Vishwa Mohan Bhatt plays the Mohan Veena, an acoustic slide guitar he adapted to play Hindustani classical music by adding more than a dozen drone and sympathetic strings. Like his former teacher, Ravi Shankar, the 52-year-old musician from Jaipur has elevated his visibility in the West by playing in cross-cultural settings; he won a Grammy for A Meeting by the River (Water Lily Acoustics, 1993), a collaboration with Ry Cooder. But his voluptuously contoured notes and his phenomenal command of dynamics are best appreciated on more traditional material.

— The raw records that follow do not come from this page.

lemma weighted_inner_total_score_deviation:
  assumes "\<theta> \<in> I"
  shows "weighted_inner (MI d n) (state \<theta>) (total_score \<theta>) (deviation \<theta>) = 1"
proof -
  let ?S = "MI d n"
  define f where "f t = (\<Sum>i\<in>?S. \<Sum>j\<in>?S. state t i j * deviation \<theta> j i)" for t
  have f_eq: "f t = of_real (t - \<theta>)" if "t \<in> I" for t
    using trace_state_deviation[OF that, of \<theta>] by (simp add: f_def trace_on_def mult_on_def)
  have "(f has_vector_derivative
          (\<Sum>i\<in>?S. \<Sum>j\<in>?S. mult_on ?S (state \<theta>) (total_score \<theta>) i j * deviation \<theta> j i)) (at \<theta>)"
    unfolding f_def using assms
    by (intro has_vector_derivative_sum has_vector_derivative_mult_left state_has_vector_derivative) auto
  also have "(\<Sum>i\<in>?S. \<Sum>j\<in>?S. mult_on ?S (state \<theta>) (total_score \<theta>) i j * deviation \<theta> j i)
      = trace_on ?S (mult_on ?S (mult_on ?S (state \<theta>) (total_score \<theta>)) (deviation \<theta>))"
    by (simp add: trace_on_def mult_on_def[of ?S "mult_on ?S (state \<theta>) (total_score \<theta>)"])
  finally have "(f has_vector_derivative
          trace_on ?S (mult_on ?S (mult_on ?S (state \<theta>) (total_score \<theta>)) (deviation \<theta>))) (at \<theta>)" .
  moreover have "((\<lambda>t. of_real (t - \<theta>)) has_vector_derivative 1) (at \<theta>)"
    by (auto intro!: derivative_eq_intros)
  ultimately have "trace_on ?S (mult_on ?S (mult_on ?S (state \<theta>) (total_score \<theta>)) (deviation \<theta>)) = 1"
    by (rule has_vector_derivative_unique_on_open[OF _ _ open_domain assms]) (rule f_eq)
  moreover have "weighted_inner ?S (state \<theta>) (total_score \<theta>) (deviation \<theta>)
      = trace_on ?S (mult_on ?S (mult_on ?S (state \<theta>) (total_score \<theta>)) (deviation \<theta>))"
    unfolding weighted_inner_def mult_on_assoc
    by (intro trace_on_cong mult_on_cong_right deviation_hermitian)
  ultimately show ?thesis
    by simp
qed
lemma laurent_poly_uminus: "laurent_poly f \<Longrightarrow> laurent_poly (- f)"
  by (simp add: laurent_poly_def)

lemma laurent_eval_uminus: "laurent_eval z (- f) = - laurent_eval z f"
  by (simp add: laurent_eval_def sum_negf)

lemma laurent_poly_const: "laurent_poly (fls_const c)"
  unfolding laurent_poly_def by (rule finite_subset[of _ "{0}"]) auto

lemma laurent_eval_const: "laurent_eval z (fls_const c) = of_int c"
  by (simp add: laurent_eval_eq_sum_superset[of "{0}"] subset_iff)

lemma laurent_poly_0 [simp]: "laurent_poly 0"
  and laurent_poly_1 [simp]: "laurent_poly 1"
  and laurent_eval_0 [simp]: "laurent_eval z 0 = 0"
  and laurent_eval_1 [simp]: "laurent_eval z 1 = 1"
  using laurent_poly_const[of 0] laurent_poly_const[of 1]
    laurent_eval_const[of z 0] laurent_eval_const[of z 1] by simp_all

lemma laurent_support_shift:
  "{k. fls_nth (fls_shift m f) k \<noteq> 0} = (\<lambda>k. k - m) ` {k. fls_nth f k \<noteq> 0}"
  by (auto simp: image_iff) (metis add_diff_cancel_right')

lemma laurent_poly_shift: "laurent_poly f \<Longrightarrow> laurent_poly (fls_shift m f)"
  unfolding laurent_poly_def laurent_support_shift by simp

lemma laurent_eval_shift:
  assumes "laurent_poly f" "z \<noteq> 0"
  shows "laurent_eval z (fls_shift m f) = z powi (- m) * laurent_eval z f"
proof -
  have "laurent_eval z (fls_shift m f) = (\<Sum>k | fls_nth f k \<noteq> 0. of_int (fls_nth f k) * z powi (k - m))"
    unfolding laurent_eval_def laurent_support_shift by (subst sum.reindex) (auto simp: inj_on_def)
  also have "\<dots> = z powi (- m) * laurent_eval z f"
    unfolding laurent_eval_def sum_distrib_left
    using assms(2) by (intro sum.cong) (auto simp: power_int_diff power_int_minus field_simps)
  finally show ?thesis .
qed

lemma laurent_poly_mult_const: "laurent_poly f \<Longrightarrow> laurent_poly (f * fls_const c)"
  unfolding laurent_poly_def by (rule finite_subset[of _ "{k. fls_nth f k \<noteq> 0}"]) auto

lemma laurent_eval_mult_const:
  assumes "laurent_poly f"
  shows "laurent_eval z (f * fls_const c) = laurent_eval z f * of_int c"
  using assms unfolding laurent_poly_def
  by (subst laurent_eval_eq_sum_superset[of "{k. fls_nth f k \<noteq> 0}"])
     (auto simp: laurent_eval_def sum_distrib_left sum_distrib_right mult_ac)

lemma laurent_poly_sum:
  "finite A \<Longrightarrow> (\<And>a. a \<in> A \<Longrightarrow> laurent_poly (f a)) \<Longrightarrow> laurent_poly (\<Sum>a\<in>A. f a)"
  by (induction A rule: finite_induct) (simp_all add: laurent_poly_add)

lemma laurent_eval_sum:
  "finite A \<Longrightarrow> (\<And>a. a \<in> A \<Longrightarrow> laurent_poly (f a)) \<Longrightarrow>
     laurent_eval z (\<Sum>a\<in>A. f a) = (\<Sum>a\<in>A. laurent_eval z (f a))"
  by (induction A rule: finite_induct)
     (simp_all add: laurent_eval_add laurent_poly_sum)

lemma laurent_poly_monomial_expansion:
  assumes "laurent_poly g"
  shows "g = (\<Sum>k | fls_nth g k \<noteq> 0. fls_shift (- k) (fls_const (fls_nth g k)))"
proof (rule fls_eqI)
  fix n
  have "(\<Sum>k | fls_nth g k \<noteq> 0. fls_nth (fls_shift (- k) (fls_const (fls_nth g k))) n)
      = (\<Sum>k | fls_nth g k \<noteq> 0. if k = n then fls_nth g k else 0)"
    by (intro sum.cong) auto
  also have "\<dots> = fls_nth g n"
    using assms unfolding laurent_poly_def by (simp add: sum.delta')
  finally show "fls_nth g n = fls_nth (\<Sum>k | fls_nth g k \<noteq> 0. fls_shift (- k) (fls_const (fls_nth g k))) n"
    by (simp add: fls_nth_sum)
qed

lemma laurent_poly_mult_eq_sum_shift:
  assumes "laurent_poly g"
  shows "f * g = (\<Sum>k | fls_nth g k \<noteq> 0. fls_shift (- k) (f * fls_const (fls_nth g k)))"
  by (subst laurent_poly_monomial_expansion[OF assms])
     (simp add: sum_distrib_left fls_shifted_times_simps)

lemma laurent_poly_mult:
  assumes f: "laurent_poly f" and g: "laurent_poly g"
  shows "laurent_poly (f * g)"
proof -
  have "finite {k. fls_nth g k \<noteq> 0}" using g by (simp add: laurent_poly_def)
  then show ?thesis
    unfolding laurent_poly_mult_eq_sum_shift[OF g]
    by (intro laurent_poly_sum) (simp_all add: f laurent_poly_shift laurent_poly_mult_const)
qed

Kushal Das, who hails from Calcutta and is seven years Bhatt’s junior, actively cultivated eclecticism by studying with several different voice and sitar teachers. Until recently he performed only on sitar; his version of “Raga Malkauns,” from his new album on the local label Sumani Music, Shringaar, reveals a light touch and a flair for patient, clearheaded thematic development. But five years ago he began playing the surbahar, which looks like an oversize sitar and projects a deeper, more resonant sound. His first recording with the instrument is Raga Marwa (Ocora), which plumbs the surbahar’s low end to create slow, deliciously woozy phrases, then builds to a fleet and graceful climax. Das will bring both instruments to this concert, which is his North American debut on surbahar.
Bhatt and Das will be accompanied respectively by Subhen Chatterjee and Abhijit Bannerjee on tabla. Sat 4/23, 6 PM, International House, University of Chicago, 1414 E. 59th, 708-798-2025, 847-942-2620, or www.ashanet.org/notesofhope, $20-$50, $12 for students.